Throughout the ages demagogues have arisen who would flatter the people about their rights and freedoms and then impose a tyranny. America has known such demagogues who have touted individual good so that they could achieve their political aims. We recall Huey Long who proudly proclaimed that he would make Every Man a King. He would flatter everyone with the promise for their individual good at the expense of the common good. He promised tyranny for what is a king but a tyrant to an American in the name of liberty.

Flattery of individuals is often a prelude to tyranny.
The founders feared demagogues who begin by flattery and end with tyranny.

It will be forgotten, on the one hand, that jealousy is the usual concomitant of love, and that the noble enthusiasm of liberty is apt to be infected with a spirit of narrow and illiberal distrust. On the other hand, it will be equally forgotten that the vigor of government is essential to the security of liberty; that, in the contemplation of a sound and well-informed judgment, their interest can never be separated; and that a dangerous ambition more often lurks behind the specious mask of zeal for the rights of the people than under the forbidden appearance of zeal for the firmness and efficiency of government. History will teach us that the former has been found a much more certain road to the introduction of despotism than the latter, and that of those men who have overturned the liberties of republics, the greatest number have begun their career by paying an obsequious court to the people; commencing demagogues, and ending tyrants. (Federalist 1) [2]

If the individual pursues their own good does that lead to tyranny?
As Socrates pointed out, the tyrannical life for non-philosophers is one in which the common goods are subordinated to one’s own individual good.[3] Unlike Socrates who believes that his particular or individual good is derived from the universal good, the libertarian believes that the common good must serve the individual good as it comes before the common good.[4] By contrast, the American founding is based on the idea of a universal good by which we judge any individual good. The individual good, according to the Federalist Papers, is found within the common good. Thus, we see the idea of a people creating a union; it is not individuals, as suggested by Thomas Hobbes in his Leviathan, that will create it.

Soldiers sacrifice their individual good for the common good.
Our veterans understand their liberty requires devotion to a higher, common, good beyond their own good. We honour their service because they are patriots. A patriot loves his country and sacrifices their life for it if needed because it is good. Though they may be asked to the “last full measure of devotion”, they do sacrifice their time, their health, to the higher cause. They do this for something that is more important than themselves.[5] To cheapen this sacrifice by confusing sacrifice for selfishness dishonours their memory.[6] The patriot loves his country enough to sacrifice himself for it just as a parent would sacrifice their life for their family. Perhaps in the Libertarian America of Ayn Rand parents are to sacrifice their children for themselves.
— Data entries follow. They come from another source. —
text \<open>Both quantities are squeezed between the same number.  For any index coding problem,
  a generalized independent set H yields card H linearly independent rows of every admissible
  encoding matrix, so the generalized independence number is at most the min-rank.  For the SC
  placement, the subfiles X^{d u}_T demanded by receivers (u, T) whose set T lies strictly
  above the cache of u form a generalized independent set (the receiver with the lowest cache
  knows none of the others).  Conversely, the shared-cache scheme sends, for each rank j and
  each (t+1)-set Q of caches, the sum of the subfiles X^{d u}_{Q - {c u}} over the j-th users
  u of the caches in Q; every receiver decodes from one such transmission, and every
  transmission actually used is also the one decoded by a receiver of that upper kind (the
  j-th user of cache Min Q, which exists since the caches are sorted by decreasing size).
  Counting these receivers gives the sum of binomial coefficients.\<close>

subsection \<open>Ranks of sets of functions into a field\<close>

interpretation fun_vs: vector_space "\<lambda>(c::'a::field) (w::'m \<Rightarrow> 'a) x. c * w x"
  by unfold_locales (auto simp: fun_eq_iff algebra_simps)

lemma vec_rank_eq_dim: "vec_rank S = fun_vs.dim S"
  unfolding vec_rank_def by simp

lemma vec_rank_le_card:
  fixes S :: "('m \<Rightarrow> 'a::field) set"
  assumes "finite S"
  shows "vec_rank S \<le> card S"
  unfolding vec_rank_eq_dim using fun_vs.dim_le_card[OF fun_vs.span_superset assms] .

lemma card_independent_le_vec_rank:
  fixes S V :: "('m \<Rightarrow> 'a::field) set"
  assumes "finite V" "S \<subseteq> V" "fun_vs.independent S"
  shows "card S \<le> vec_rank V"
proof -
  obtain B where B: "B \<subseteq> V" "fun_vs.independent B" "V \<subseteq> fun_vs.span B" "card B = fun_vs.dim V"
    by (rule fun_vs.basis_exists)
  have "finite B" using B(1) assms(1) finite_subset by blast
  moreover have "S \<subseteq> fun_vs.span B" using assms(2) B(3) by blast
  ultimately have "card S \<le> card B" using fun_vs.independent_span_bound assms(3) by blast
  then show ?thesis using B(4) by (simp add: vec_rank_eq_dim)
qed

lemma supp_sum_unit_vec:
  "{m. (\<Sum>i\<in>A. unit_vec (p i) :: 'm \<Rightarrow> 'a::field) m \<noteq> 0} \<subseteq> p ` A"
proof
  fix m assume "m \<in> {m. (\<Sum>i\<in>A. unit_vec (p i) :: 'm \<Rightarrow> 'a) m \<noteq> 0}"
  moreover have "(\<Sum>i\<in>A. unit_vec (p i) :: 'm \<Rightarrow> 'a) m = (\<Sum>i\<in>A. unit_vec (p i) m)"
    by (induction A rule: infinite_finite_induct) auto
  ultimately have "(\<Sum>i\<in>A. (unit_vec (p i) :: 'm \<Rightarrow> 'a) m) \<noteq> 0" by simp
  then obtain i where "i \<in> A" "(unit_vec (p i) :: 'm \<Rightarrow> 'a) m \<noteq> 0" by (meson sum.neutral)
  then show "m \<in> p ` A" by (auto simp: unit_vec_def split: if_splits)
qed

subsection \<open>Min-rank and generalized independence number\<close>

lemma finite_min_rank_candidates:
  fixes f :: "'r \<Rightarrow> 'm"
  assumes "finite R"
  shows "finite { vec_rank ((\<lambda>i. v i + (unit_vec (f i) :: 'm \<Rightarrow> 'a::field)) ` R)
         | v :: 'r \<Rightarrow> 'm \<Rightarrow> 'a. \<forall>i\<in>R. {m. v i m \<noteq> 0} \<subseteq> X i }" (is "finite ?V")
proof (rule finite_subset)
  show "?V \<subseteq> {..card R}"
  proof
    fix x assume "x \<in> ?V"
    then obtain v :: "'r \<Rightarrow> 'm \<Rightarrow> 'a"
      where x: "x = vec_rank ((\<lambda>i. v i + unit_vec (f i)) ` R)" by blast
    have "x \<le> card ((\<lambda>i. v i + (unit_vec (f i) :: 'm \<Rightarrow> 'a)) ` R)"
      unfolding x using vec_rank_le_card assms by blast
    also have "\<dots> \<le> card R" using card_image_le assms by blast
    finally show "x \<in> {..card R}" by simp
  qed
qed simp

lemma min_rank_le:
  fixes q :: "'a::field itself" and f :: "'r \<Rightarrow> 'm" and v :: "'r \<Rightarrow> 'm \<Rightarrow> 'a"
  assumes "finite R" "\<forall>i\<in>R. {m. v i m \<noteq> 0} \<subseteq> X i"
  shows "min_rank q M R f X \<le> vec_rank ((\<lambda>i. v i + unit_vec (f i)) ` R)"
  unfolding min_rank_def
  by (rule Min_le[OF finite_min_rank_candidates[OF assms(1)]]) (use assms(2) in blast)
Our private good comes before the public good.

Can we recover the public life when we are told liberty depends on privacy?
Privacy and libertarianism leads us away from the res publica, the public thing. Are we pursuing liberty or slavery when we surrender the public domain for the pursuit of private pleasures?


[3] Harry Neumann, Socrates in Plato and Aristophanes: In Memory of Ludwig Edelstein (1902-1965) The American Journal of Philology, Vol. 90, No. 2 (Apr., 1969), pp. 201-214 http://www.jstor.org/stable/293427  Accessed: 22-05-2015
[4] Ayn Rand had an abiding hatred for the common good. She detested the idea and her hatred for it is found within her followers who never question what it means for the American idea. http://aynrandlexicon.com/lexicon/common_good.html
[5] Consider the famous saying by Hillel “If I am not for myself, who will be for me? And if not now, when? And if I am only for myself, what am I?”

1 comment:

Tom Van Dyke said...

Very timely. Conservatives forget the irony that they share with liberals a communitarianism, a commitment to the primacy of the public good, that libertarians do not.